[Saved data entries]
(* Let $n$ be odd, and let $C$ and $D$ be concentric ellipses in $\mathbb R^2$ with $D$ inside $C$. Let $P=(p_1,\dots,p_n)$ be a Poncelet $n$-gon for the pair $(C,D)$, and let $Q$ be the polygon whose $i$-th vertex is the intersection of the tangent lines to $C$ at $p_i$ and $p_{i+1}$. Then the ratio $\operatorname{Area}(Q)/\operatorname{Area}(P)$ is the same for all polygons $P$ in the Poncelet family containing $P$.
   Context: A Poncelet $n$-gon for the pair $(C,D)$ is a closed polygon $(p_1,\dots,p_n)$ (indices mod $n$) with all vertices on $C$ and all sides $p_ip_{i+1}$ tangent to $D$. By the Poncelet porism, if one such closed $n$-gon exists, then starting from any point of $C$ and successively drawing tangent lines to $D$ (always continuing in the same rotational sense) produces a closed $n$-gon; the Poncelet family is this continuous 1-parameter family of polygons. For self-intersecting polygons, area means the signed area given by the shoelace formula. *)

theory Defs
  imports "HOL-Analysis.Analysis"
begin

type_synonym pt = "real \<times> real"

definition det2 :: "pt \<Rightarrow> pt \<Rightarrow> real" where
  "det2 u v = fst u * snd v - snd u * fst v"

text \<open>An ellipse with centre c and positive definite quadratic form
  Q(x,y) = a x^2 + 2 b x y + d y^2 is the curve Q(z - c) = 1.
  Every ellipse in the plane is of this form.\<close>
record ellipse =
  ctr :: pt
  ca :: real
  cb :: real
  cd :: real

definition is_ellipse :: "ellipse \<Rightarrow> bool" where
  "is_ellipse E \<longleftrightarrow> ca E > 0 \<and> ca E * cd E - (cb E)^2 > 0"

definition bform :: "ellipse \<Rightarrow> pt \<Rightarrow> pt \<Rightarrow> real" where
  "bform E u v = ca E * fst u * fst v + cb E * (fst u * snd v + snd u * fst v)
                 + cd E * snd u * snd v"

definition qform :: "ellipse \<Rightarrow> pt \<Rightarrow> real" where
  "qform E z = bform E (z - ctr E) (z - ctr E)"

definition curve :: "ellipse \<Rightarrow> pt set" where
  "curve E = {z. qform E z = 1}"

definition ellipse_inside :: "ellipse \<Rightarrow> ellipse \<Rightarrow> bool" where
  "ellipse_inside D C \<longleftrightarrow> (\<forall>z \<in> curve D. qform C z < 1)"

definition concentric :: "ellipse \<Rightarrow> ellipse \<Rightarrow> bool" where
  "concentric C D \<longleftrightarrow> ctr C = ctr D"

definition tangent_line :: "ellipse \<Rightarrow> pt \<Rightarrow> pt set" where
  "tangent_line E p = {z. bform E (p - ctr E) (z - ctr E) = 1}"

text \<open>The directed segment from p to q lies on a line tangent to D, with D
  on the side prescribed by the rotational sense s (s = 1: D on the left,
  s = -1: D on the right).  A line meeting the ellipse D and having all of
  D on one side is exactly a tangent line of D.\<close>
definition tangent_side :: "ellipse \<Rightarrow> real \<Rightarrow> pt \<Rightarrow> pt \<Rightarrow> bool" where
  "tangent_side D s p q \<longleftrightarrow> p \<noteq> q \<and>
     (\<exists>z \<in> curve D. det2 (q - p) (z - p) = 0) \<and>
     (\<forall>z \<in> curve D. s * det2 (q - p) (z - p) \<ge> 0)"

text \<open>For fixed (C,D,n,s) these polygons form
  exactly the Poncelet family: each vertex determines the next one uniquely.\<close>
definition poncelet_ngon :: "ellipse \<Rightarrow> ellipse \<Rightarrow> nat \<Rightarrow> real \<Rightarrow> (nat \<Rightarrow> pt) \<Rightarrow> bool" where
  "poncelet_ngon C D n s p \<longleftrightarrow> s \<in> {1, -1} \<and>
     (\<forall>i < n. p i \<in> curve C \<and> tangent_side D s (p i) (p (Suc i mod n)))"

definition poly_area :: "nat \<Rightarrow> (nat \<Rightarrow> pt) \<Rightarrow> real" where
  "poly_area n p = (\<Sum>i<n. det2 (p i) (p (Suc i mod n))) / 2"

definition tangential_polygon :: "ellipse \<Rightarrow> nat \<Rightarrow> (nat \<Rightarrow> pt) \<Rightarrow> nat \<Rightarrow> pt" where
  "tangential_polygon C n p i =
     (THE q. q \<in> tangent_line C (p i) \<and> q \<in> tangent_line C (p (Suc i mod n)))"

end

theory Submission
  imports Defs
begin

text \<open>Centre both ellipses at their common centre and view them as positive definite forms
  \<open>C\<close> and \<open>D\<close>. The vertex of \<open>Q\<close> between \<open>p i\<close> and \<open>p (i + 1)\<close> is the pole of that side
  with respect to \<open>C\<close>; if the side touches \<open>D\<close> at \<open>t i\<close>, this pole is \<open>C\<inverse> D (t i)\<close>.
  Let \<open>K\<close> be the geometric mean of \<open>C\<close> and \<open>D\<close>, i.e. \<open>K C\<inverse> K = D\<close>. Then
  \<open>r i = C\<inverse> K (t i)\<close> lies on \<open>C\<close> and \<open>Q i = C\<inverse> K (r i)\<close>, so
  \<open>Area Q = (det K / det C) Area r\<close>. Moreover the chords from \<open>p i\<close> to \<open>r i\<close> and from
  \<open>r i\<close> to \<open>p (i + 1)\<close> are polar with respect to \<open>K\<close>, so \<open>p 0, r 0, p 1, r 1, \<dots>\<close> is a
  closed Poncelet \<open>2 n\<close>-gon for \<open>C\<close> and a conic inside it.
  After normalising \<open>C\<close> to the unit circle, the Poncelet map is a monotone circle map
  commuting with \<open>x \<mapsto> -x\<close>; since its \<open>2 n\<close>-th iterate fixes a point, its \<open>n\<close>-th iterate
  is \<open>\<plusminus>\<close> the identity along the polygon. For odd \<open>n\<close> it exchanges the vertices \<open>p i\<close> with
  the vertices \<open>r j\<close>, hence \<open>Area r = Area P\<close>, and the ratio is the constant \<open>det K / det C\<close>.\<close>

section \<open>Bilinear forms of ellipses\<close>

lemma bform_commute: "bform E u v = bform E v u"
  by (simp add: bform_def algebra_simps)

lemma bform_add_scaleR_left:
  "bform E (l *\<^sub>R x + m *\<^sub>R y) w = l * bform E x w + m * bform E y w"
  by (simp add: bform_def algebra_simps)

lemma bform_add_scaleR_right:
  "bform E w (l *\<^sub>R x + m *\<^sub>R y) = l * bform E w x + m * bform E w y"
  by (simp add: bform_def algebra_simps)

lemma bform_scaleR_left: "bform E (c *\<^sub>R x) y = c * bform E x y"
  by (simp add: bform_def algebra_simps)

lemma bform_scaleR_right: "bform E x (c *\<^sub>R y) = c * bform E x y"
  by (simp add: bform_def algebra_simps)

lemma bform_diff_right: "bform E x (y - z) = bform E x y - bform E x z"
  by (simp add: bform_def algebra_simps)

lemma bform_uminus [simp]: "bform E (- x) (- y) = bform E x y"
  by (simp add: bform_def)

lemma det2_scaleR_right: "det2 u (c *\<^sub>R v) = c * det2 u v"
  by (simp add: det2_def algebra_simps)

lemma det2_eq_0_imp_scaleR:
  assumes "det2 d z = 0" "d \<noteq> 0"
  obtains c where "z = c *\<^sub>R d"
proof -
  have e: "fst d * snd z = snd d * fst z" using assms(1) by (simp add: det2_def)
  show ?thesis
  proof (cases "fst d = 0")
    case True
    then have "snd d \<noteq> 0" using assms(2) by (simp add: prod_eq_iff)
    then have "z = (snd z / snd d) *\<^sub>R d" using e True by (simp add: prod_eq_iff)
    then show ?thesis by (rule that)
  next
    case False
    then have "z = (fst z / fst d) *\<^sub>R d" using e by (simp add: prod_eq_iff field_simps)
    then show ?thesis by (rule that)
  qed
qed

lemma orthogonal_to_basis_eq_0:
  assumes "det2 u u' \<noteq> 0"
    and u: "fst u * fst m + snd u * snd m = 0" and u': "fst u' * fst m + snd u' * snd m = 0"
  shows "m = 0"
proof -
  have "det2 u u' * fst m = snd u' * (fst u * fst m + snd u * snd m)
      - snd u * (fst u' * fst m + snd u' * snd m)"
    "det2 u u' * snd m = fst u * (fst u' * fst m + snd u' * snd m)
      - fst u' * (fst u * fst m + snd u * snd m)"
    by (simp_all add: det2_def algebra_simps)
  then have "det2 u u' * fst m = 0" "det2 u u' * snd m = 0" by (simp_all only: u u')
  then show ?thesis using assms(1) by (simp add: prod_eq_iff)
qed

definition detE :: "ellipse \<Rightarrow> real" where
  "detE E = ca E * cd E - cb E ^ 2"

lemma detE_pos: "is_ellipse E \<Longrightarrow> 0 < detE E"
  by (simp add: is_ellipse_def detE_def)

lemma bform_pos:
  assumes "is_ellipse E" "x \<noteq> 0"
  shows "0 < bform E x x"
proof -
  have a: "0 < ca E" and d: "0 < detE E" using assms(1) by (auto simp: is_ellipse_def detE_def)
  have sq: "ca E * bform E x x = (ca E * fst x + cb E * snd x)\<^sup>2 + detE E * (snd x)\<^sup>2"
    by (simp add: bform_def detE_def power2_eq_square algebra_simps)
  have "0 < (ca E * fst x + cb E * snd x)\<^sup>2 + detE E * (snd x)\<^sup>2"
  proof (cases "snd x = 0")
    case True
    then have "fst x \<noteq> 0" using assms(2) by (simp add: prod_eq_iff)
    then show ?thesis using True a by simp
  next
    case False
    then show ?thesis using d by (simp add: add_nonneg_pos)
  qed
  then have "0 < ca E * bform E x x" using sq by simp
  then show ?thesis using a by (simp add: zero_less_mult_iff)
qed

lemma bform_eq_1_imp_nonzero: "bform E x x = 1 \<Longrightarrow> x \<noteq> 0"
  by (auto simp: bform_def)

lemma is_ellipseI_pos_def:
  assumes "\<And>y. y \<noteq> 0 \<Longrightarrow> 0 < bform E y y"
  shows "is_ellipse E"
proof -
  have "0 < bform E (1, 0) (1, 0)" by (rule assms) (simp add: zero_prod_def)
  then have a: "0 < ca E" by (simp add: bform_def)
  have "(- cb E, ca E) \<noteq> 0" using a by (simp add: prod_eq_iff)
  then have "0 < bform E (- cb E, ca E) (- cb E, ca E)" by (rule assms)
  also have "bform E (- cb E, ca E) (- cb E, ca E) = ca E * detE E"
    by (simp add: bform_def detE_def power2_eq_square algebra_simps)
  finally show ?thesis using a by (simp add: is_ellipse_def detE_def zero_less_mult_iff)
qed

lemma bform_cauchy_schwarz:
  "bform E u u * bform E v v - (bform E u v)\<^sup>2 = detE E * (det2 u v)\<^sup>2"
  by (simp add: bform_def detE_def det2_def power2_eq_square algebra_simps)

definition form_mat :: "ellipse \<Rightarrow> pt \<Rightarrow> pt" where
  "form_mat E x = (ca E * fst x + cb E * snd x, cb E * fst x + cd E * snd x)"

definition form_adj :: "ellipse \<Rightarrow> pt \<Rightarrow> pt" where
  "form_adj E x = (cd E * fst x - cb E * snd x, ca E * snd x - cb E * fst x)"

definition form_mat_inv :: "ellipse \<Rightarrow> pt \<Rightarrow> pt" where
  "form_mat_inv E x = form_adj E x /\<^sub>R detE E"

lemma bform_form_mat: "bform E x y = fst x * fst (form_mat E y) + snd x * snd (form_mat E y)"
  by (simp add: bform_def form_mat_def algebra_simps)

lemma form_mat_add: "form_mat E (x + y) = form_mat E x + form_mat E y"
  by (simp add: form_mat_def algebra_simps)

lemma form_mat_scaleR: "form_mat E (c *\<^sub>R x) = c *\<^sub>R form_mat E x"
  by (simp add: form_mat_def algebra_simps)

lemma form_mat_inv_add: "form_mat_inv E (x + y) = form_mat_inv E x + form_mat_inv E y"
proof -
  have "form_adj E (x + y) = form_adj E x + form_adj E y"
    by (simp add: form_adj_def algebra_simps)
  then show ?thesis by (simp add: form_mat_inv_def scaleR_add_right)
qed

lemma form_mat_inv_scaleR: "form_mat_inv E (c *\<^sub>R x) = c *\<^sub>R form_mat_inv E x"
  by (simp add: form_mat_inv_def form_adj_def algebra_simps)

WHAT TO WORK ON: Among the entries, find each line that includes the string "assms" and copy it.

ANSWER SECTION:
  have e: "fst d * snd z = snd d * fst z" using assms(1) by (simp add: det2_def)
    then have "snd d \<noteq> 0" using assms(2) by (simp add: prod_eq_iff)
  then show ?thesis using assms(1) by (simp add: prod_eq_iff)
  have a: "0 < ca E" and d: "0 < detE E" using assms(1) by (auto simp: is_ellipse_def detE_def)
    then have "fst x \<noteq> 0" using assms(2) by (simp add: prod_eq_iff)
  have "0 < bform E (1, 0) (1, 0)" by (rule assms) (simp add: zero_prod_def)
  then have "0 < bform E (- cb E, ca E) (- cb E, ca E)" by (rule assms)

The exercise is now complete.